The stress of change
Remember to maintain team flexibility whenever possible. Being open to route changes, new routes and new student information is helpful, but it also requires a certain level of patience. Adapting personal work skills and work methods in response to new information, changing conditions and unexpected obstacles can cause no small level of stress for a team. But having to adjust rapidly to changes such as new student pick-up and drop-off deadlines and unusual home situations produces an even greater level of stress. Teams must have a willingness to champion these new routes and deadlines despite opposition from parents and students who are affected by those changes. These outside influences only increase the pressure and stress on a team.

The ideal special-needs route would start on the first school day and not change for the entire year. However, this author has never, ever heard of such a special-needs bus route. The driver team must learn to cope with constant route changes — since the conditions under which students require special-needs transportation change frequently. Team members need insight and judgment to weather the storm of changes.

With training comes relief
Using common sense in stressful situations on the bus is not always common to everyone. There are individual differences in adults, forcing them to react in different ways during stressful situations. Transportation department training will help adults learn to react in predictable, constructive and safe ways. In other words, employees need to be “taught” common sense. Teams need training to discuss and consider what they would do or should do in various stressful situations, rather than relying on route experience to gain that knowledge. This is the reason for emergency evacuation drills — so driver teams do not have to rely on their innate “common sense.” Instead, they can do the safest and most effective procedures for which they were trained.

The more well-trained teams are, the less stress they will experience on the job. Furthermore, the best teams don’t intentionally make errors, but when errors occur, they learn from them. The best teams don’t make the same mistake twice, and training will significantly reduce the chances of it happening.

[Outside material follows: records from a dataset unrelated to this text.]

lemma edge_shift_split:
  assumes "z \<in> edge_shift E s t"
  shows "left_path (\<lambda>n. z (- int n - 1))" and "right_path (\<lambda>n. z (int n))"
    and "s (z 0) = t (z (-1))"
proof -
  have zE: "z i \<in> E" and zt: "t (z i) = s (z (i + 1))" for i
    using assms unfolding edge_shift_def by auto
  have "t (z (- int (Suc n) - 1)) = s (z (- int n - 1))" for n
  proof -
    have "- int (Suc n) - 1 + 1 = - int n - 1" by simp
    then show ?thesis using zt[of "- int (Suc n) - 1"] by metis
  qed
  with zE show "left_path (\<lambda>n. z (- int n - 1))" unfolding left_path_def by simp
  have "t (z (int n)) = s (z (int (Suc n)))" for n
    using zt[of "int n"] by (simp add: add.commute)
  with zE show "right_path (\<lambda>n. z (int n))" unfolding right_path_def by simp
  show "s (z 0) = t (z (-1))" using zt[of "-1"] by simp
qed

lemma edge_shift_concat:
  assumes "left_path x" and "right_path p" and "s (p 0) = t (x 0)"
  shows "(\<lambda>i. if i < 0 then x (nat (- i - 1)) else p (nat i)) \<in> edge_shift E s t"
  unfolding edge_shift_def
proof (intro CollectI conjI allI)
  fix i :: int
  show "(if i < 0 then x (nat (- i - 1)) else p (nat i)) \<in> E"
    using assms unfolding left_path_def right_path_def by simp
  consider "i < -1" | "i = -1" | "i \<ge> 0" by linarith
  then show "t (if i < 0 then x (nat (- i - 1)) else p (nat i))
      = s (if i + 1 < 0 then x (nat (- (i + 1) - 1)) else p (nat (i + 1)))"
  proof cases
    case 1
    then have "nat (- i - 1) = Suc (nat (- (i + 1) - 1))" by simp
    with 1 assms(1) show ?thesis unfolding left_path_def by simp
  next
    case 2
    with assms(3) show ?thesis by simp
  next
    case 3
    then have "nat (i + 1) = Suc (nat i)" by simp
    with 3 assms(2) show ?thesis unfolding right_path_def by simp
  qed
qed

lemma edge_shift_past: "z \<in> edge_shift E s t \<Longrightarrow> t (z (-1)) \<in> past (L \<circ> z)"
  using past_memI[OF edge_shift_split(1)] by simp

lemma past_nonempty: "y \<in> shift \<Longrightarrow> past y \<noteq> {}"
  unfolding presented_shift_def using edge_shift_past by blast

lemma glue_in_shift_iff: "glue y w \<in> shift \<longleftrightarrow> (\<exists>v\<in>past y. w \<in> labels_from v)"
proof
  assume "glue y w \<in> shift"
  then obtain z where z: "z \<in> edge_shift E s t" "glue y w = L \<circ> z"
    unfolding presented_shift_def by blast
  have "t (z (-1)) \<in> past y"
    using edge_shift_past[OF z(1)] past_set_glue[of E s t L y w] z(2) by simp
  moreover have w_eq: "w = L \<circ> (\<lambda>n. z (int n))"
  proof
    fix n
    have "w n = glue y w (int n)" by (simp add: glue_def)
    with z(2) show "w n = (L \<circ> (\<lambda>n. z (int n))) n" by simp
  qed
  moreover from w_eq have "w \<in> labels_from (t (z (-1)))"
    using labels_fromI edge_shift_split(2,3)[OF z(1)] by simp
  ultimately show "\<exists>v\<in>past y. w \<in> labels_from v" by blast
next
  assume "\<exists>v\<in>past y. w \<in> labels_from v"
  then obtain x p where x: "left_path x" "\<forall>n. L (x n) = y (- int n - 1)"
    and p: "right_path p" "s (p 0) = t (x 0)" "w = L \<circ> p"
    unfolding past_eq labels_from_def by blast
  let ?z = "\<lambda>i. if i < 0 then x (nat (- i - 1)) else p (nat i)"
  have "glue y w = L \<circ> ?z"
  proof
    fix i :: int
    show "glue y w i = (L \<circ> ?z) i"
    proof (cases "i < 0")
      case True
      then have "- int (nat (- i - 1)) - 1 = i" by simp
      then have "y i = L (x (nat (- i - 1)))" using x(2) by metis
      with True show ?thesis by (simp add: glue_def)
    next
      case False
      with p(3) show ?thesis by (simp add: glue_def)
    qed
  qed
  with edge_shift_concat[OF x(1) p(1,2)] show "glue y w \<in> shift"
    unfolding presented_shift_def by blast
qed

lemma past_Cons:
  assumes "y' (-1) = a" and "\<And>i. i < 0 \<Longrightarrow> y' (i - 1) = y i"
  shows "past y' = fol (past y) a"
proof
  have y': "y' (- int (Suc n) - 1) = y (- int n - 1)" for n
    using assms(2)[of "- int n - 1"] by (simp add: algebra_simps)
  show "past y' \<subseteq> fol (past y) a"
  proof
    fix u assume "u \<in> past y'"
    then obtain x where x: "left_path x" "\<forall>n. L (x n) = y' (- int n - 1)" "u = t (x 0)"
      unfolding past_eq by blast
    have "left_path (x \<circ> Suc)" using x(1) unfolding left_path_def by simp
    moreover have "\<forall>n. L ((x \<circ> Suc) n) = y (- int n - 1)" using x(2) y' by simp
    ultimately have "t (x (Suc 0)) \<in> past y" using past_memI by fastforce
    moreover have "t (x (Suc 0)) = s (x 0)" "x 0 \<in> E" "L (x 0) = a"
      using x(1,2) assms(1) unfolding left_path_def by auto
    ultimately show "u \<in> fol (past y) a" unfolding follower_def using x(3) by force
  qed
  show "fol (past y) a \<subseteq> past y'"
  proof
    fix u assume "u \<in> fol (past y) a"
    then obtain e x where e: "e \<in> E" "L e = a" "u = t e" "s e = t (x 0)"
      and x: "left_path x" "\<forall>n. L (x n) = y (- int n - 1)"
      unfolding follower_def past_eq by blast
    have "left_path (case_nat e x)"
      using e x(1) unfolding left_path_def by (auto split: nat.split)
    moreover have "\<forall>n. L (case_nat e x n) = y' (- int n - 1)"
      using e(2) x(2) y' assms(1) by (auto split: nat.split)
    ultimately show "u \<in> past y'" using past_memI e(3) by fastforce
  qed
qed

primrec follow :: "'v set \<Rightarrow> (nat \<Rightarrow> 'a) \<Rightarrow> nat \<Rightarrow> 'v set" where
  "follow D w 0 = D"
| "follow D w (Suc n) = fol (follow D w n) (w n)"

lemma follow_Suc_shift: "follow D w (Suc n) = follow (fol D (w 0)) (w \<circ> Suc) n"
  by (induction n) auto

lemma follow_UN: "follow D w n = (\<Union>v\<in>D. follow {v} w n)"
  by (induction n) (auto simp: follower_def)

lemma follow_nonempty_Suc: "follow D w (Suc n) \<noteq> {} \<Longrightarrow> follow D w n \<noteq> {}"
  by (auto simp: follower_def)

lemma labels_from_follow_nonempty:
  assumes "w \<in> labels_from v" and "v \<in> D"
  shows "follow D w n \<noteq> {}"
proof -
  obtain p where p: "right_path p" "s (p 0) = v" "w = L \<circ> p"
    using assms(1) unfolding labels_from_def by blast
  have "s (p n) \<in> follow D w n"
  proof (induction n)
    case 0
    with p(2) assms(2) show ?case by simp
  next
    case (Suc n)
    have "p n \<in> E" "L (p n) = w n" "s (p (Suc n)) = t (p n)"
      using p unfolding right_path_def by auto
    with Suc show ?case by (force simp: follower_def)
  qed
  then show ?thesis by blast
qed

lemma labels_from_coinduct:
  assumes "Q v w" and step: "\<And>v w. Q v w \<Longrightarrow> \<exists>e\<in>E. s e = v \<and> L e = w 0 \<and> Q (t e) (w \<circ> Suc)"
  shows "w \<in> labels_from v"
proof -
  let ?P = "\<lambda>n e. e \<in> E \<and> L e = w n \<and> Q (t e) (\<lambda>k. w (Suc n + k)) \<and> (n = 0 \<longrightarrow> s e = v)"
  have "\<exists>p. \<forall>n. ?P n (p n) \<and> t (p n) = s (p (Suc n))"
  proof (rule dependent_nat_choice)
    show "\<exists>e. ?P 0 e" using step[OF assms(1)] by (auto simp: comp_def)
    show "\<exists>e'. ?P (Suc n) e' \<and> t e = s e'" if "?P n e" for e n
      using step[of "t e" "\<lambda>k. w (Suc n + k)"] that by (auto simp: comp_def)
  qed
  then obtain p where p: "\<forall>n. ?P n (p n) \<and> t (p n) = s (p (Suc n))" by blast
  then have "right_path p" "s (p 0) = v" "w = L \<circ> p"
    unfolding right_path_def fun_eq_iff by simp_all
  then show ?thesis using labels_fromI by simp
qed

end

locale finite_labeled_graph = labeled_graph E s t L
  for E :: "'e set" and s t :: "'e \<Rightarrow> 'v" and L :: "'e \<Rightarrow> 'a" +
  fixes V :: "'v set"
  assumes finite_V: "finite V" and endpoints: "\<forall>e\<in>E. s e \<in> V \<and> t e \<in> V"
    and no_sinks: "\<forall>v\<in>V. \<exists>e\<in>E. s e = v"
begin

abbreviation UV where "UV \<equiv> under_V E s t L"
abbreviation UE where "UE \<equiv> under_E E s t L"

lemma finite_fol: "finite (fol D a)"
  by (rule finite_subset[OF _ finite_V]) (use endpoints in \<open>auto simp: follower_def\<close>)

lemma past_subset: "past y \<subseteq> V"
  using endpoints unfolding past_set_def by auto

lemma ex_right_path: assumes "v \<in> V" shows "\<exists>p. right_path p \<and> s (p 0) = v"
proof -
  let ?P = "\<lambda>n e. e \<in> E \<and> (n = 0 \<longrightarrow> s e = v)"
  have "\<exists>p. \<forall>n. ?P n (p n) \<and> t (p n) = s (p (Suc n))"
  proof (rule dependent_nat_choice)
    show "\<exists>e. ?P 0 e" using assms no_sinks by auto
    show "\<exists>e'. ?P (Suc n) e' \<and> t e = s e'" if "?P n e" for n e
    proof -
      have "t e \<in> V" using that endpoints by simp
      then obtain e' where "e' \<in> E" "s e' = t e" using no_sinks by blast
      then show ?thesis by auto
    qed
  qed
  then obtain p where "\<forall>n. ?P n (p n) \<and> t (p n) = s (p (Suc n))" by blast
  then have "right_path p" "s (p 0) = v" unfolding right_path_def by simp_all
  then show ?thesis by blast
qed

lemma follow_nonempty_step:
  assumes "\<forall>n. follow {v} w n \<noteq> {}"
  shows "\<exists>e\<in>E. s e = v \<and> L e = w 0 \<and> (\<forall>n. follow {t e} (w \<circ> Suc) n \<noteq> {})"
proof -
  have "\<exists>u\<in>fol {v} (w 0). \<forall>n. follow {u} (w \<circ> Suc) n \<noteq> {}"
  proof (rule finite_ex_forall_nat[OF finite_fol])
    show "follow {u} (w \<circ> Suc) n \<noteq> {}" if "follow {u} (w \<circ> Suc) (Suc n) \<noteq> {}" for u n
      using follow_nonempty_Suc[OF that] .
    show "\<exists>u\<in>fol {v} (w 0). follow {u} (w \<circ> Suc) n \<noteq> {}" for n
    proof -
      have "follow (fol {v} (w 0)) (w \<circ> Suc) n \<noteq> {}"
        using assms follow_Suc_shift[of "{v}" w n] by metis
      then show ?thesis unfolding follow_UN[of "fol {v} (w 0)"] by blast
    qed
  qed
  then obtain e where "e \<in> E" "s e = v" "L e = w 0" "\<forall>n. follow {t e} (w \<circ> Suc) n \<noteq> {}"
    unfolding follower_def by blast
  then show ?thesis by blast
qed

lemma follow_nonempty_iff:
  assumes "D \<subseteq> V"
  shows "(\<forall>n. follow D w n \<noteq> {}) \<longleftrightarrow> (\<exists>v\<in>D. w \<in> labels_from v)"
proof
  assume "\<forall>n. follow D w n \<noteq> {}"
  then have "\<exists>v\<in>D. \<forall>n. follow {v} w n \<noteq> {}"
  proof (intro finite_ex_forall_nat[OF finite_subset[OF assms finite_V]])
    show "follow {v} w n \<noteq> {}" if "follow {v} w (Suc n) \<noteq> {}" for v n
      using follow_nonempty_Suc[OF that] .
    show "\<exists>v\<in>D. follow {v} w n \<noteq> {}" if "\<forall>n. follow D w n \<noteq> {}" for n
      using that[rule_format, of n] unfolding follow_UN[of D w n] by blast
  qed
  then show "\<exists>v\<in>D. w \<in> labels_from v"
    using labels_from_coinduct[where Q = "\<lambda>v w. \<forall>n. follow {v} w n \<noteq> {}"]
      follow_nonempty_step by blast
qed (use labels_from_follow_nonempty in blast)

lemma under_V_eq: "UV = past ` shift"
  unfolding under_V_def by auto

lemma under_V_fol:
  assumes "D \<in> UV" and "fol D a \<noteq> {}"
  shows "fol D a \<in> UV"
proof -
  obtain y where y: "y \<in> shift" "D = past y" using assms(1) under_V_eq by auto
  obtain e where e: "e \<in> E" "s e \<in> D" "L e = a" using assms(2) unfolding follower_def by blast
  obtain q where q: "right_path q" "s (q 0) = t e"
    using ex_right_path endpoints e(1) by blast
  define y' where "y' i = (if i = -1 then a else y (i + 1))" for i
  have past_y': "past y' = fol D a" using past_Cons[of y' a y] y(2) by (simp add: y'_def)
  have "t e \<in> fol D a" using e unfolding follower_def by blast
  moreover have "L \<circ> q \<in> labels_from (t e)" using labels_fromI q by blast
  ultimately have "glue y' (L \<circ> q) \<in> shift" using glue_in_shift_iff past_y' by blast
  then show ?thesis using past_y' past_set_glue under_V_eq by (metis image_eqI)
qed

lemma right_labels_under_eq:
  assumes "D \<in> UV"
  shows "right_labels UE D = {w. \<forall>n. follow D w n \<noteq> {}}"
proof (intro set_eqI iffI; simp)
  fix w assume "w \<in> right_labels UE D"
  then obtain P where P: "P 0 = D" "\<forall>n. (P n, w n, P (Suc n)) \<in> UE"
    unfolding right_labels_def by blast
  then have "P n \<in> UV \<and> P (Suc n) = fol (P n) (w n)" for n
    unfolding under_E_def by blast
  moreover from this have "P n = follow D w n" for n
    by (induction n) (simp_all add: P(1))
  ultimately show "\<forall>n. follow D w n \<noteq> {}"
    using under_V_eq past_nonempty by fastforce
next
  fix w assume w: "\<forall>n. follow D w n \<noteq> {}"
  have "follow D w n \<in> UV" for n
  proof (induction n)
    case (Suc n)
    have "fol (follow D w n) (w n) \<noteq> {}" using w by (metis follow.simps(2))
    with Suc under_V_fol show ?case by simp
  qed (use assms in simp)
  then have "(follow D w n, w n, follow D w (Suc n)) \<in> UE" for n
    using w[rule_format, of "Suc n"] unfolding under_E_def by auto
  then show "w \<in> right_labels UE D"
    unfolding right_labels_def by (intro CollectI exI[of _ "follow D w"]) simp
qed

theorem future_eq_right_labels_past:
  assumes "y \<in> shift"
  shows "future shift y = right_labels UE (past y)"
proof -
  have "future shift y = {w. \<exists>v\<in>past y. w \<in> labels_from v}"
    by (simp add: future_eq glue_in_shift_iff)
  also have "\<dots> = {w. \<forall>n. follow (past y) w n \<noteq> {}}"
    by (simp add: follow_nonempty_iff[OF past_subset])
  also have "\<dots> = right_labels UE (past y)"
    using right_labels_under_eq under_V_eq assms by simp
  finally show ?thesis .
qed

lemma right_labels_fol:
  assumes "D \<in> UV" and "fol D a \<noteq> {}"
  shows "right_labels UE (fol D a) = {w. case_nat a w \<in> right_labels UE D}"
proof -
  have Suc_eq: "follow D (case_nat a w) (Suc n) = follow (fol D a) w n" for w n
    using follow_Suc_shift[of D "case_nat a w" n] by (simp add: comp_def)
  have "D \<noteq> {}" using assms(1) under_V_eq past_nonempty by auto
  then have "(\<forall>n. follow (fol D a) w n \<noteq> {}) \<longleftrightarrow> (\<forall>n. follow D (case_nat a w) n \<noteq> {})" for w
    unfolding Suc_eq[symmetric] by (metis follow.simps(1) not0_implies_Suc)
  then show ?thesis
    using right_labels_under_eq assms under_V_fol by simp
qed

Good safety training for special-needs transportation addresses the errors that teams make without embarrassing or humiliating anyone so that the team and others can learn from them. Driver trainers should demonstrate high standards of ethical and professional conduct themselves. Driver teams will react far better to what trainers do than to what they say. Trainers who live what they teach and practice what they preach model best.

Team interpersonal skills
Central to each driver team member is an ability to cope with on-the-job stress associated with interpersonal skills. Team members with the best interpersonal skills consider and respond appropriately to the needs, feelings and capabilities of parents in different special-needs transportation situations. They are tactful, compassionate and sensitive to parents. They demonstrate the “Golden Rule” in their everyday work environment. By treating parents with respect, they have every reason to expect others in return to treat them with respect.

Team members who lack interpersonal skills may make one of the following statements:

 

  • “I am the driver. You take care of the students. You don’t tell me how to drive, and I won’t tell you how to manage students on my bus.”

     

  • “I am the assistant. You take care of the driving. You don’t tell me how to manage students, and I won’t tell you how to drive.”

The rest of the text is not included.